El profesor Belk cree que las prácticas del confesionario católico o del diván del psicoanálisis han migrado a Internet. Por su parte, las redes sociales con sus continuas preguntas "¿Qué está pasando?" "¿Qué estás pensando?" etc. no hacen más que incitarnos a que contemos cada vez más detalles sobre nuestra vida.  La reacción de amigos, familiares y desconocidos nos critican o nos validan en nuestras posturas, y terminan por apuntalar nuestra identidad. Pero eso no es nada nuevo, en el mundo real la identidad se construye entre todos, entre uno mismo, los amigos y los enemigos. 
Teoría N.4
Segun este experto, otro ingrediente del exhibicionismo on line es la tensión entre la privacidad y la posibilidad de ser famoso o popular. Dos conceptos que en estos tiempos parecen excluyentes.Para mucha gente el anhelo de ser popular es de lejos mucho más fuerte que el de ser respetado. Un estudio de 2010 que examinó la imagen que se construían en Facebook un grupo de estudiantes verificó que no estaban preocupados porque personas desconocidas pudieran ver sus perfiles, lo ùnico que querían era que todo el mundo pensara que tenían una personalidad "cool". 

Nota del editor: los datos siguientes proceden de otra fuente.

(* Let $E$ be a disjoint combination of $E_1,\dots,E_n$ and fix $i$. If $M$ is a quasi-$E_i$ term and $M\to^*_{R_E}N$, then $N$ is a quasi-$E_i$ term and $F_{E_i}(M)\to^*_{R_E}F_{E_i}(N)$.
   Context: Fix names, variables, and constructors $\mathsf{pub},\mathsf{sign},\mathsf{blind},\langle\cdot,\cdot\rangle,\{\cdot\}_\cdot$. $E_1,\dots,E_n$ are equational theories with pairwise disjoint signatures $\Sigma_{E_i}$ (disjoint from the constructors), each containing at most one associative-commutative (AC) binary symbol $\oplus_i$ and each AC-convergent; $E$ is their union, presented by the rewrite system $R_E$ (the union of the individual rewrite systems) which is terminating and confluent modulo AC of all $\oplus_i$; $\to_{R_E}$ is one rewrite step modulo AC, $\to^*_{R_E}$ its reflexive-transitive closure; $\approx_E$ is equality modulo $E$. Terms are built from names, variables, the constructors and symbols of $\Sigma_E=\bigcup_i\Sigma_{E_i}$. A term is $E_i$-alien if its head symbol is not in $\Sigma_{E_i}$. A term $M$ is a quasi-$E_i$ term if every $E_i$-alien subterm of $M$ is in $E$-normal form. Fix a function $v_E$ assigning to each ground term a variable such that $v_E(M)=v_E(N)$ iff $M\approx_E N$. The $E_i$ abstraction function $F_{E_i}$ on ground terms is defined by: $F_{E_i}(u)=u$ if $u$ is a name; $F_{E_i}(g(u_1,\dots,u_k))=g(F_{E_i}(u_1),\dots,F_{E_i}(u_k))$ if $g\in\Sigma_{E_i}$; $F_{E_i}(u)=v_E(u)$ otherwise. *)

theory Defs
  imports Main
begin

datatype cons = Pub | Sign | Blind | Pair | Enc

text \<open>Each theory symbol f belongs to the signature of exactly one theory,
  given by an index function thy (so the signatures are pairwise disjoint
  and disjoint from the constructors by construction).\<close>
datatype 'f sym = Cstr cons | Th 'f

datatype ('n, 'v, 'f) trm = Nm 'n | Var 'v | App "'f sym" "('n, 'v, 'f) trm list"

fun subst :: "('v \<Rightarrow> ('n, 'v, 'f) trm) \<Rightarrow> ('n, 'v, 'f) trm \<Rightarrow> ('n, 'v, 'f) trm" where
  "subst \<sigma> (Nm a) = Nm a"
| "subst \<sigma> (Var x) = \<sigma> x"
| "subst \<sigma> (App f ts) = App f (map (subst \<sigma>) ts)"

fun vars :: "('n, 'v, 'f) trm \<Rightarrow> 'v set" where
  "vars (Nm a) = {}"
| "vars (Var x) = {x}"
| "vars (App f ts) = \<Union> (set (map vars ts))"

definition ground :: "('n, 'v, 'f) trm \<Rightarrow> bool" where
  "ground t \<longleftrightarrow> vars t = {}"

fun subterms :: "('n, 'v, 'f) trm \<Rightarrow> ('n, 'v, 'f) trm set" where
  "subterms (Nm a) = {Nm a}"
| "subterms (Var x) = {Var x}"
| "subterms (App f ts) = insert (App f ts) (\<Union> (set (map subterms ts)))"

fun pure_over :: "('f \<Rightarrow> bool) \<Rightarrow> ('n, 'v, 'f) trm \<Rightarrow> bool" where
  "pure_over P (Nm a) = False"
| "pure_over P (Var x) = True"
| "pure_over P (App (Cstr c) ts) = False"
| "pure_over P (App (Th f) ts) = (P f \<and> list_all (pure_over P) ts)"

inductive_set ctxt_cl :: "(('n, 'v, 'f) trm \<times> ('n, 'v, 'f) trm) set
    \<Rightarrow> (('n, 'v, 'f) trm \<times> ('n, 'v, 'f) trm) set" for R where
  base: "(s, t) \<in> R \<Longrightarrow> (s, t) \<in> ctxt_cl R"
| ctxt: "(s, t) \<in> ctxt_cl R \<Longrightarrow> (App f (ss @ s # us), App f (ss @ t # us)) \<in> ctxt_cl R"

definition ac_root :: "'f set \<Rightarrow> (('n, 'v, 'f) trm \<times> ('n, 'v, 'f) trm) set" where
  "ac_root A =
     {(App (Th f) [x, y], App (Th f) [y, x]) | f x y. f \<in> A}
   \<union> {(App (Th f) [App (Th f) [x, y], z], App (Th f) [x, App (Th f) [y, z]]) | f x y z. f \<in> A}"

definition ac_eq :: "'f set \<Rightarrow> (('n, 'v, 'f) trm \<times> ('n, 'v, 'f) trm) set" where
  "ac_eq A = (ctxt_cl (ac_root A) \<union> (ctxt_cl (ac_root A))\<inverse>)\<^sup>*"

definition rinst :: "(('n, 'v, 'f) trm \<times> ('n, 'v, 'f) trm) set
    \<Rightarrow> (('n, 'v, 'f) trm \<times> ('n, 'v, 'f) trm) set" where
  "rinst R = {(subst \<sigma> l, subst \<sigma> r) | \<sigma> l r. (l, r) \<in> R}"

definition rstep :: "(('n, 'v, 'f) trm \<times> ('n, 'v, 'f) trm) set
    \<Rightarrow> (('n, 'v, 'f) trm \<times> ('n, 'v, 'f) trm) set" where
  "rstep R = ctxt_cl (rinst R)"

definition rstep_mod :: "'f set \<Rightarrow> (('n, 'v, 'f) trm \<times> ('n, 'v, 'f) trm) set
    \<Rightarrow> (('n, 'v, 'f) trm \<times> ('n, 'v, 'f) trm) set" where
  "rstep_mod A R = ac_eq A O rstep R O ac_eq A"

definition NF_mod :: "'f set \<Rightarrow> (('n, 'v, 'f) trm \<times> ('n, 'v, 'f) trm) set
    \<Rightarrow> ('n, 'v, 'f) trm \<Rightarrow> bool" where
  "NF_mod A R t \<longleftrightarrow> \<not> (\<exists>u. (t, u) \<in> rstep_mod A R)"

definition eq_mod :: "'f set \<Rightarrow> (('n, 'v, 'f) trm \<times> ('n, 'v, 'f) trm) set
    \<Rightarrow> (('n, 'v, 'f) trm \<times> ('n, 'v, 'f) trm) set" where
  "eq_mod A R = (rstep R \<union> (rstep R)\<inverse> \<union> ctxt_cl (ac_root A) \<union> (ctxt_cl (ac_root A))\<inverse>)\<^sup>*"

definition terminating_mod :: "'f set \<Rightarrow> (('n, 'v, 'f) trm \<times> ('n, 'v, 'f) trm) set \<Rightarrow> bool" where
  "terminating_mod A R \<longleftrightarrow> wf ((rstep_mod A R)\<inverse>)"

definition confluent_mod :: "'f set \<Rightarrow> (('n, 'v, 'f) trm \<times> ('n, 'v, 'f) trm) set \<Rightarrow> bool" where
  "confluent_mod A R \<longleftrightarrow>
     (\<forall>s t u. (s, t) \<in> (rstep_mod A R)\<^sup>* \<and> (s, u) \<in> (rstep_mod A R)\<^sup>* \<longrightarrow>
        (\<exists>t' u'. (t, t') \<in> (rstep_mod A R)\<^sup>* \<and> (u, u') \<in> (rstep_mod A R)\<^sup>* \<and> (t', u') \<in> ac_eq A))"

definition rule_wf :: "('n, 'v, 'f) trm \<times> ('n, 'v, 'f) trm \<Rightarrow> bool" where
  "rule_wf lr \<longleftrightarrow> (\<forall>x. fst lr \<noteq> Var x) \<and> vars (snd lr) \<subseteq> vars (fst lr)"

definition alien :: "('f \<Rightarrow> nat) \<Rightarrow> nat \<Rightarrow> ('n, 'v, 'f) trm \<Rightarrow> bool" where
  "alien thy i t \<longleftrightarrow> \<not> (\<exists>g ts. t = App (Th g) ts \<and> thy g = i)"

definition quasi :: "('f \<Rightarrow> nat) \<Rightarrow> nat \<Rightarrow> 'f set \<Rightarrow> (('n, 'v, 'f) trm \<times> ('n, 'v, 'f) trm) set
    \<Rightarrow> ('n, 'v, 'f) trm \<Rightarrow> bool" where
  "quasi thy i A R M \<longleftrightarrow> (\<forall>u \<in> subterms M. alien thy i u \<longrightarrow> NF_mod A R u)"

text \<open>The E_i abstraction function (only meaningful on ground terms).\<close>
fun absF :: "('f \<Rightarrow> nat) \<Rightarrow> nat \<Rightarrow> (('n, 'v, 'f) trm \<Rightarrow> 'v) \<Rightarrow> ('n, 'v, 'f) trm \<Rightarrow> ('n, 'v, 'f) trm" where
  "absF thy i vE (Nm a) = Nm a"
| "absF thy i vE (Var x) = Var (vE (Var x))"
| "absF thy i vE (App (Cstr c) ts) = Var (vE (App (Cstr c) ts))"
| "absF thy i vE (App (Th g) ts) =
     (if thy g = i then App (Th g) (map (absF thy i vE) ts) else Var (vE (App (Th g) ts)))"

end

theory Submission
  imports Defs
begin

text \<open>A redex in a quasi-\<open>E\<^sub>i\<close> term is not in normal form, so neither it nor any term
  containing it is \<open>E\<^sub>i\<close>-alien: rewriting only happens inside the top \<open>E\<^sub>i\<close>-layer, with
  \<open>E\<^sub>i\<close>-rules (the signatures are disjoint). The abstraction \<open>F\<^sub>E\<^sub>i\<close> keeps that layer
  and only replaces the normal-form alien subterms by variables, so it maps the redex to
  an instance of the same rule. AC steps either happen inside the layer, where they are
  mirrored by AC steps on the abstraction, or inside an alien subterm, whose abstraction
  is unchanged because \<open>v\<^sub>E\<close> identifies AC-equal ground terms. Normal forms are closed
  under AC-equality and subterms, which gives the invariance of being quasi-\<open>E\<^sub>i\<close>.\<close>

lemma ctxt_cl_mono: "X \<subseteq> Y \<Longrightarrow> ctxt_cl X \<subseteq> ctxt_cl Y"
proof (intro subrelI)
  fix s t assume "(s, t) \<in> ctxt_cl X" "X \<subseteq> Y"
  then show "(s, t) \<in> ctxt_cl Y"
    by (induction rule: ctxt_cl.induct) (auto intro: ctxt_cl.intros)
qed

lemma ctxt_cl_converse: "ctxt_cl (X\<inverse>) = (ctxt_cl X)\<inverse>"
proof -
  have conv: "(t, s) \<in> ctxt_cl X" if "(s, t) \<in> ctxt_cl (X\<inverse>)" for s t X
    using that by (induction rule: ctxt_cl.induct) (auto intro: ctxt_cl.intros)
  show ?thesis
    using conv[of _ _ X] conv[of _ _ "X\<inverse>"] by auto
qed

lemma ctxt_cl_Un: "ctxt_cl (X \<union> Y) = ctxt_cl X \<union> ctxt_cl Y"
proof
  show "ctxt_cl (X \<union> Y) \<subseteq> ctxt_cl X \<union> ctxt_cl Y"
  proof (intro subrelI)
    fix s t assume "(s, t) \<in> ctxt_cl (X \<union> Y)"
    then show "(s, t) \<in> ctxt_cl X \<union> ctxt_cl Y"
      by (induction rule: ctxt_cl.induct) (auto intro: ctxt_cl.intros)
  qed
qed (simp add: ctxt_cl_mono)

lemma ac_eq_ctxt_cl_sym: "ac_eq A = (ctxt_cl (ac_root A \<union> (ac_root A)\<inverse>))\<^sup>*"
  by (simp add: ac_eq_def ctxt_cl_Un ctxt_cl_converse)

lemma ac_eq_refl: "(s, s) \<in> ac_eq A"
  by (simp add: ac_eq_def)

lemma ac_eq_trans: "(s, t) \<in> ac_eq A \<Longrightarrow> (t, u) \<in> ac_eq A \<Longrightarrow> (s, u) \<in> ac_eq A"
  unfolding ac_eq_def by (rule rtrancl_trans)

lemma ac_eq_ctxt: "(s, t) \<in> ac_eq A \<Longrightarrow> (App f (ss @ s # us), App f (ss @ t # us)) \<in> ac_eq A"
  unfolding ac_eq_ctxt_cl_sym
  by (induction rule: rtrancl_induct) (auto intro: ctxt_cl.ctxt rtrancl_into_rtrancl)

lemma ac_eq_subset_eq_mod: "ac_eq A \<subseteq> eq_mod A R"
  unfolding ac_eq_def eq_mod_def by (rule rtrancl_mono) blast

La línea que separa lo privado de lo público se está desintegrando. Y el objetivo es ser populares. Y sucede a cualquier edad"Queremos ser interesantes, queremos que se nos recuerde, que la gente nos siga, pero antes tenemos que llamar su atención. Y ya hemos aprendido de los realitys que caer lo más bajo posible es el modo más fácil y eficiente paraque la mayoría de la gente repare en nuestra existencia". dice el profesor Belk. 
Posdata
Un último detalle, los investigadores señalan que a las personas que comparten poco o nada de su vida en las redes sociales no se las considera discretas, prudentes o sensatas. Son simplemente, aburridas.